Thu 28 January 2016

You're finishing a PhD in physics, engineering or another quantitative subject, and you're wondering what to do next. You might have heard the term "data science" bandied around your research group, so you decide to look into it. You realize that, as a data scientist, you will be solving difficult, interesting problems, much like in academia, but with the additional benefit of job stability, being part of a team, and without that gnawing feeling of guilt that you should be working all the time that seems to accompany academic careers.

The transition to data science can be daunting. If you are finishing a PhD in a quantitative subject, you have a solid mathematical and logical grounding, but there is still a lot you need to learn to be an effective data scientist. This two-part blog post provides a (very opinionated) laundry list of skills that you might want to work on, both to prepare for interviews and when you are starting your new job.

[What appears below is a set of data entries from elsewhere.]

(* Let $C_0>0$. (i) For any linear spaces $S_D,S_{D'}$ of functions $\mathcal{X}\to\mathbb{R}$ of dimensions $D$ and $D'$, and every $x\ge0$, $$\mathbb{P}\Big(\sup_{u\in (S_D\cap\mathbb{L}_\infty(C_0))+(S_{D'}\cap\mathbb{L}_\infty(C_0))}\frac{\langle\vec\varepsilon,u\rangle_n}{\|u\|_n}>\sqrt{\frac{D+D'}{4n}}+\sqrt{\frac{5x}{n}}\Big)\le\exp(-x).$$ (ii) Let $\{L_m\}_{m\in\mathcal{M}}$ be positive numbers with $\Sigma=\sum_{m\in\mathcal{M}}\exp(-L_mD_m)<\infty$. For $\xi>0$ and $m\in\mathcal{M}$ let $$\Omega_\xi(m)=\bigcap_{m'\in\mathcal{M}}\Big\{\sup_{u\in(\mathcal{S}_m\cap\mathbb{L}_\infty(C_0))+(\mathcal{S}_{m'}\cap\mathbb{L}_\infty(C_0))}\frac{\langle\vec\varepsilon,u\rangle_n}{\|u\|_n}\le\sqrt{\frac{D_m+D_{m'}}{4n}}+\sqrt{\frac{5(L_{m'}D_{m'}+\xi)}{n}}\Big\}.$$ Then $\mathbb{P}(\Omega_\xi(m))\ge1-\Sigma\exp(-\xi)$.
   Context: Observations $(Y_1,x_1),\dots,(Y_n,x_n)\in\{0,1\}\times\mathcal{X}$, deterministic $x_i$, independent $Y_i$ with $\mathbb{E}_{f_0}(Y_i)=\pi_{f_0}(x_i)$, $\pi_f(x)=e^{f(x)}/(1+e^{f(x)})$. $\varepsilon_i=Y_i-\mathbb{E}_{f_0}(Y_i)$, $\vec\varepsilon=(\varepsilon_1,\dots,\varepsilon_n)$, $\langle\vec\varepsilon,u\rangle_n=\frac1n\sum_{i=1}^n\varepsilon_iu(x_i)$, $\|u\|_n^2=\frac1n\sum_i u(x_i)^2$ (suprema are over $u$ with $\|u\|_n\neq0$). A dictionary $\{\phi_1,\dots,\phi_M\}$ is fixed; $\mathcal{M}$ is the set of subsets $m\subset\{1,\dots,M\}$, $\mathcal{S}_m=\{\sum_{j\in m}\beta_j\phi_j\}$, $D_m=\dim\mathrm{span}\{\phi_j,j\in m\}$. $\mathbb{L}_\infty(C_0)=\{f:\max_{1\le i\le n}|f(x_i)|\le C_0\}$. *)

theory Defs
  imports "HOL-Analysis.Analysis" "HOL-Probability.Probability" "HOL-Library.Function_Algebras"
begin

definition fscale :: "real \<Rightarrow> ('x \<Rightarrow> real) \<Rightarrow> ('x \<Rightarrow> real)" where
  "fscale c f = (\<lambda>z. c * f z)"

interpretation fvs: vector_space "fscale :: real \<Rightarrow> ('x \<Rightarrow> real) \<Rightarrow> ('x \<Rightarrow> real)"
  by unfold_locales (auto simp: fscale_def fun_eq_iff algebra_simps)

definition lin_space_dim :: "('x \<Rightarrow> real) set \<Rightarrow> nat \<Rightarrow> bool" where
  "lin_space_dim S D \<longleftrightarrow> fvs.subspace S \<and> (\<exists>B. finite B \<and> S = fvs.span B) \<and> fvs.dim S = D"

definition logistic :: "real \<Rightarrow> real" where
  "logistic t = exp t / (1 + exp t)"

text \<open>Law of the sample (Y_0,...,Y_{n-1}): independent Bernoulli(pi_{f0}(x_i)); Y_i = 1 iff omega i.\<close>
definition sample_law :: "nat \<Rightarrow> (nat \<Rightarrow> 'x) \<Rightarrow> ('x \<Rightarrow> real) \<Rightarrow> (nat \<Rightarrow> bool) pmf" where
  "sample_law n x f0 = Pi_pmf {..<n} False (\<lambda>i. bernoulli_pmf (logistic (f0 (x i))))"

definition eps :: "(nat \<Rightarrow> 'x) \<Rightarrow> ('x \<Rightarrow> real) \<Rightarrow> (nat \<Rightarrow> bool) \<Rightarrow> nat \<Rightarrow> real" where
  "eps x f0 \<omega> i = of_bool (\<omega> i) - logistic (f0 (x i))"

definition emp_inner :: "nat \<Rightarrow> (nat \<Rightarrow> 'x) \<Rightarrow> (nat \<Rightarrow> real) \<Rightarrow> ('x \<Rightarrow> real) \<Rightarrow> real" where
  "emp_inner n x e u = (1 / real n) * (\<Sum>i<n. e i * u (x i))"

definition emp_norm :: "nat \<Rightarrow> (nat \<Rightarrow> 'x) \<Rightarrow> ('x \<Rightarrow> real) \<Rightarrow> real" where
  "emp_norm n x u = sqrt ((1 / real n) * (\<Sum>i<n. (u (x i))\<^sup>2))"

definition Linf :: "nat \<Rightarrow> (nat \<Rightarrow> 'x) \<Rightarrow> real \<Rightarrow> ('x \<Rightarrow> real) set" where
  "Linf n x C0 = {f. \<forall>i<n. \<bar>f (x i)\<bar> \<le> C0}"

definition msum :: "('x \<Rightarrow> real) set \<Rightarrow> ('x \<Rightarrow> real) set \<Rightarrow> ('x \<Rightarrow> real) set" where
  "msum A B = {a + b | a b. a \<in> A \<and> b \<in> B}"

text \<open>sup over u in A with ||u||_n <> 0 of <eps,u>_n/||u||_n, in the extended reals (empty sup = -infinity).\<close>
definition sup_ratio :: "nat \<Rightarrow> (nat \<Rightarrow> 'x) \<Rightarrow> (nat \<Rightarrow> real) \<Rightarrow> ('x \<Rightarrow> real) set \<Rightarrow> ereal" where
  "sup_ratio n x e A = (SUP u\<in>{u\<in>A. emp_norm n x u \<noteq> 0}. ereal (emp_inner n x e u / emp_norm n x u))"

definition Smodel :: "(nat \<Rightarrow> 'x \<Rightarrow> real) \<Rightarrow> nat set \<Rightarrow> ('x \<Rightarrow> real) set" where
  "Smodel \<phi> m = {(\<lambda>z. \<Sum>j\<in>m. \<beta> j * \<phi> j z) | \<beta>. True}"

definition Dm :: "(nat \<Rightarrow> 'x \<Rightarrow> real) \<Rightarrow> nat set \<Rightarrow> nat" where
  "Dm \<phi> m = fvs.dim (fvs.span (\<phi> ` m))"

end

theory Submission
  imports Defs "HOL-Probability.Hoeffding"
begin

text \<open>
  On the design points every u \<in> S + S' lies in a subspace of dimension K \<le> D + D'. For an
  orthonormal basis w_1, ..., w_K of it, Cauchy-Schwarz bounds the ratio <\<epsilon>, u>_n / |u|_n by
  sqrt (Q / n), where Q = \<Sum>_k <w_k, \<epsilon>>^2 is the squared norm of the projection of \<epsilon>.
  The \<epsilon>_i are independent, centred and range over intervals of length 1, so by Hoeffding's
  lemma \<epsilon> is sub-Gaussian with variance proxy 1/4. Writing exp (2 \<mu> Q) as a Gaussian average of
  exponentials of linear forms in \<epsilon> gives E exp (2 \<mu> Q) \<le> (1 - \<mu>) powr (- K / 2), and a Chernoff
  bound with \<mu> = min (1/2) (sqrt (t / d)) yields (i). Part (ii) is a union bound over the finitely
  many models.
\<close>

section \<open>Gaussian integrals\<close>

abbreviation std_normal :: "real measure" where
  "std_normal \<equiv> density lborel std_normal_density"

lemma nn_integral_normal_density:
  assumes "\<sigma> > 0"
  shows "(\<integral>\<^sup>+ g. ennreal (normal_density \<mu> \<sigma> g) \<partial>lborel) = 1"
proof -
  have "emeasure (density lborel (normal_density \<mu> \<sigma>)) UNIV = 1"
    using prob_space.emeasure_space_1[OF prob_space_normal_density[OF assms]] by simp
  thus ?thesis by (simp add: emeasure_density)
qed

lemma std_normal_nn_integral_exp_linear:
  "(\<integral>\<^sup>+ g. ennreal (exp (s * g)) \<partial>std_normal) = ennreal (exp (s\<^sup>2 / 2))"
proof -
  have shift: "std_normal_density g * exp (s * g) = exp (s\<^sup>2 / 2) * normal_density s 1 g" for g
  proof -
    have "- g\<^sup>2 / 2 + s * g = s\<^sup>2 / 2 + (- (g - s)\<^sup>2 / 2)"
      by (simp add: power2_eq_square field_simps)
    thus ?thesis
      by (simp add: std_normal_density_def normal_density_def exp_add[symmetric])
  qed
  have "(\<integral>\<^sup>+ g. ennreal (exp (s * g)) \<partial>std_normal)
      = (\<integral>\<^sup>+ g. ennreal (exp (s\<^sup>2 / 2)) * ennreal (normal_density s 1 g) \<partial>lborel)"
    by (subst nn_integral_density)
       (auto intro!: nn_integral_cong simp: shift[symmetric] ennreal_mult'[symmetric])
  also have "\<dots> = ennreal (exp (s\<^sup>2 / 2))"
    by (subst nn_integral_cmult) (auto simp: nn_integral_normal_density)
  finally show ?thesis .
qed

lemma std_normal_nn_integral_exp_square:
  assumes "a < 1 / 2"
  shows "(\<integral>\<^sup>+ g. ennreal (exp (a * g\<^sup>2)) \<partial>std_normal) = ennreal (1 / sqrt (1 - 2 * a))"
proof -
  define \<sigma> where "\<sigma> = 1 / sqrt (1 - 2 * a)"
  have pos: "1 - 2 * a > 0" using assms by simp
  have \<sigma>2: "\<sigma>\<^sup>2 = 1 / (1 - 2 * a)" using pos by (simp add: \<sigma>_def power_divide)
  have \<sigma>0: "\<sigma> > 0" using pos by (simp add: \<sigma>_def)
  have rescale: "std_normal_density g * exp (a * g\<^sup>2) = \<sigma> * normal_density 0 \<sigma> g" for g
  proof -
    have "exp (- g\<^sup>2 / 2) * exp (a * g\<^sup>2) = exp (- (g - 0)\<^sup>2 / (2 * \<sigma>\<^sup>2))"
      using pos by (simp add: exp_add[symmetric] \<sigma>2 field_simps)
    moreover have "1 / sqrt (2 * pi) = \<sigma> * (1 / sqrt (2 * pi * \<sigma>\<^sup>2))"
      using pos by (simp add: \<sigma>_def real_sqrt_mult \<sigma>2 real_sqrt_divide field_simps)
    ultimately show ?thesis by (simp add: std_normal_density_def normal_density_def)
  qed
  have "(\<integral>\<^sup>+ g. ennreal (exp (a * g\<^sup>2)) \<partial>std_normal)
      = (\<integral>\<^sup>+ g. ennreal \<sigma> * ennreal (normal_density 0 \<sigma> g) \<partial>lborel)"
    using \<sigma>0 by (subst nn_integral_density)
       (auto intro!: nn_integral_cong simp: rescale[symmetric] ennreal_mult'[symmetric])
  also have "\<dots> = ennreal \<sigma>"
    using \<sigma>0 by (subst nn_integral_cmult) (auto simp: nn_integral_normal_density)
  finally show ?thesis by (simp add: \<sigma>_def)
qed

interpretation std_normal_product: product_sigma_finite "\<lambda>_::nat. std_normal"
  unfolding product_sigma_finite_def
  using prob_space_imp_sigma_finite[OF prob_space_normal_density[of 1]] by simp

lemma std_normal_PiM_nn_integral_exp_linear:
  fixes K :: nat
  shows "(\<integral>\<^sup>+ g. ennreal (exp (\<Sum>k<K. c k * g k)) \<partial>PiM {..<K} (\<lambda>_. std_normal))
     = ennreal (exp (\<Sum>k<K. (c k)\<^sup>2 / 2))"
proof -
  have "(\<integral>\<^sup>+ g. ennreal (exp (\<Sum>k<K. c k * g k)) \<partial>PiM {..<K} (\<lambda>_. std_normal))
      = (\<integral>\<^sup>+ g. (\<Prod>k<K. ennreal (exp (c k * g k))) \<partial>PiM {..<K} (\<lambda>_. std_normal))"
    by (simp add: exp_sum prod_ennreal)
  also have "\<dots> = (\<Prod>k<K. \<integral>\<^sup>+ g. ennreal (exp (c k * g)) \<partial>std_normal)"
    by (rule std_normal_product.product_nn_integral_prod) auto
  finally show ?thesis
    by (simp add: std_normal_nn_integral_exp_linear exp_sum prod_ennreal)
qed

lemma std_normal_PiM_nn_integral_exp_square:
  fixes K :: nat
  assumes "a < 1 / 2"
  shows "(\<integral>\<^sup>+ g. ennreal (exp (a * (\<Sum>k<K. (g k)\<^sup>2))) \<partial>PiM {..<K} (\<lambda>_. std_normal))
     = ennreal ((1 / sqrt (1 - 2 * a)) ^ K)"
proof -
  have "(\<integral>\<^sup>+ g. ennreal (exp (a * (\<Sum>k<K. (g k)\<^sup>2))) \<partial>PiM {..<K} (\<lambda>_. std_normal))
      = (\<integral>\<^sup>+ g. (\<Prod>k<K. ennreal (exp (a * (g k)\<^sup>2))) \<partial>PiM {..<K} (\<lambda>_. std_normal))"
    by (simp add: sum_distrib_left exp_sum prod_ennreal)
  also have "\<dots> = (\<Prod>k<K. \<integral>\<^sup>+ g. ennreal (exp (a * g\<^sup>2)) \<partial>std_normal)"
    by (rule std_normal_product.product_nn_integral_prod) auto
  finally show ?thesis
    using assms by (simp add: std_normal_nn_integral_exp_square ennreal_power)
qed

section \<open>Sub-Gaussianity of the centred sample\<close>

lemma bernoulli_centered_mgf_le:
  fixes c p :: real
  assumes "0 \<le> p" "p \<le> 1"
  shows "(\<integral>\<^sup>+ b. ennreal (exp (c * (of_bool b - p))) \<partial>bernoulli_pmf p) \<le> ennreal (exp (c\<^sup>2 / 8))"
proof (cases c "0::real" rule: linorder_cases)
  case less
  interpret interval_bounded_random_variable "bernoulli_pmf p" "\<lambda>b. - of_bool b" "-1" 0
    by unfold_locales auto
  show ?thesis
    using Hoeffdings_lemma_nn_integral[of "-c"] less assms by (simp add: algebra_simps)
next
  case greater
  interpret interval_bounded_random_variable "bernoulli_pmf p" "\<lambda>b. of_bool b" 0 1
    by unfold_locales auto
  show ?thesis
    using Hoeffdings_lemma_nn_integral[of c] greater assms by simp
qed (use assms in simp)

To convince you that what I'm saying is somewhat credible, here's my story. I finished a PhD in computational physics in Cambridge about 18 months ago. I then took part in a "bootcamp" to facilitate the transition from science to data science called the ASI. I then joined what was at the time a small data science consultancy called SCL Elections as a data architect. As part of my job at SCL, I interviewed at least twenty data science and data engineering candidates, so I have experience on both sides of the table.

The easy route

The easiest way to transition to data science is through a fellowship program or bootcamp. These take people with PhDs (or sometimes Masters) in quantitative subjects and, through a combination of taught material, self-study and a placement in a company, guide you through the transition to data science. After the course, they function as a recruitment agency and try to find you a job. Most of the courses are free for the student. Their business model is to charge a recruitment fee to the company that hires you.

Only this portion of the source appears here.